Not to mention, we are very young here, and the usual quote about
optimization applies, so I'd say we not worry too much about
performance just yet.
Do note, however, that committers can get a free Open Source license
for YourKit just by asking them. Same goes for other tools, too, like
IntelliJ, etc.
-Grant
On Mar 11, 2008, at 4:15 AM, Dawid Weiss wrote:
Try turning on verbose gc.
Benchmarking is a difficult stuff, really. Much harder than folks
usually consider it.
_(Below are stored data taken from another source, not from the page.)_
theorem lemmaG:
  fixes V :: "'a set" and m :: "'a \<Rightarrow> 'a \<Rightarrow> nat" and \<Delta> :: nat and S :: "'a set"
  assumes mg: "multigraph V m"
    and reg: "regular V m \<Delta>"
    and even_order: "even (card V)"
    and S_sub: "S \<subset> V"
    and S_odd: "odd (card S)"
    and S_card: "card S \<ge> 3"
    and S_full: "t_ind m S \<ge> real \<Delta>"
    and S_max: "\<And>R. R \<in> odd_sets V \<Longrightarrow> t_ind m R \<ge> real \<Delta> \<Longrightarrow>
                  ex_ind m R \<Delta> \<le> ex_ind m S \<Delta>"
  shows "max_deg (shrink_V V S) (shrink_m V m S) \<le> \<Delta>
       \<and> (\<forall>x\<in>Gamma_set (shrink_V V S) (shrink_m V m S). x \<le> Gamma V m)
       \<and> max_deg (shrink_V V (V - S)) (shrink_m V m (V - S)) \<le> \<Delta>
       \<and> (\<forall>x\<in>Gamma_set (shrink_V V (V - S)) (shrink_m V m (V - S)). x \<le> Gamma V m)"
proof -
  have SV: "S \<subseteq> V" and S: "S \<in> odd_sets V" using S_sub S_odd S_card by (auto simp: odd_sets_def)
  have ex_S: "0 \<le> ex_ind m S \<Delta>" using S_full S_card ex_ind_nonneg_iff[of S m \<Delta>] by simp
  have "finite V" using mg by (simp add: multigraph_def)
  then have Gamma: "real \<Delta> \<le> Gamma V m" using S_full t_ind_le_Gamma[OF _ S, of m] by linarith
  have boundary: "edge_sum m S (V - S) \<le> \<Delta>"
    by (rule boundary_le_of_excess_nonneg[OF mg reg SV ex_S])
  have "max_deg (shrink_V V S) (shrink_m V m S) \<le> \<Delta>"
    using max_deg_shrink_le[OF mg reg SV boundary] .
  moreover have "max_deg (shrink_V V (V - S)) (shrink_m V m (V - S)) \<le> \<Delta>"
    using max_deg_shrink_le[OF mg reg, of "V - S"] boundary edge_sum_commute[OF mg, of "V - S" S]
    by (simp add: double_diff SV)
  moreover have "x \<le> Gamma V m" if "x \<in> Gamma_set (shrink_V V S) (shrink_m V m S)" for x
    using Gamma_set_shrink_le[OF mg SV Gamma _ that]
      edge_sum_outside_le_of_max_excess[OF mg S S_max ex_S] by (simp add: mult.commute)
  moreover have "x \<le> Gamma V m" if "x \<in> Gamma_set (shrink_V V (V - S)) (shrink_m V m (V - S))" for x
    using Gamma_set_shrink_le[OF mg _ Gamma _ that]
      edge_sum_inside_le_of_max_excess[OF mg reg S S_max ex_S] by (simp add: double_diff SV mult.commute)
  ultimately show ?thesis by blast
qed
Looking at GC, for example, you have to be
aware not only of the GC type used (and its settings), but also of
the machine the benchmarking is run on.
In Jason's case, if he's running 64-bit server JVM on a multi-core
machine, then the JVM is using a parallel GC and is effectively
running behind the scenes :)
You can also try using YouKit profiler -- it's does really good job
at showing heap/ GC usage.
I am far from being an expert in JVM architecture, but I think boxed
primitive types do have very special optimization at low-level and
since so produce very little overhead. Also, the collections inside
JDK have been optimized heavily since their initial releases. Much
like reg-exes: we recently compared a code that used Pattern class
and hand-crafted parsing code. The hand-crafted code was 100%
faster, but much longer and more difficult to read.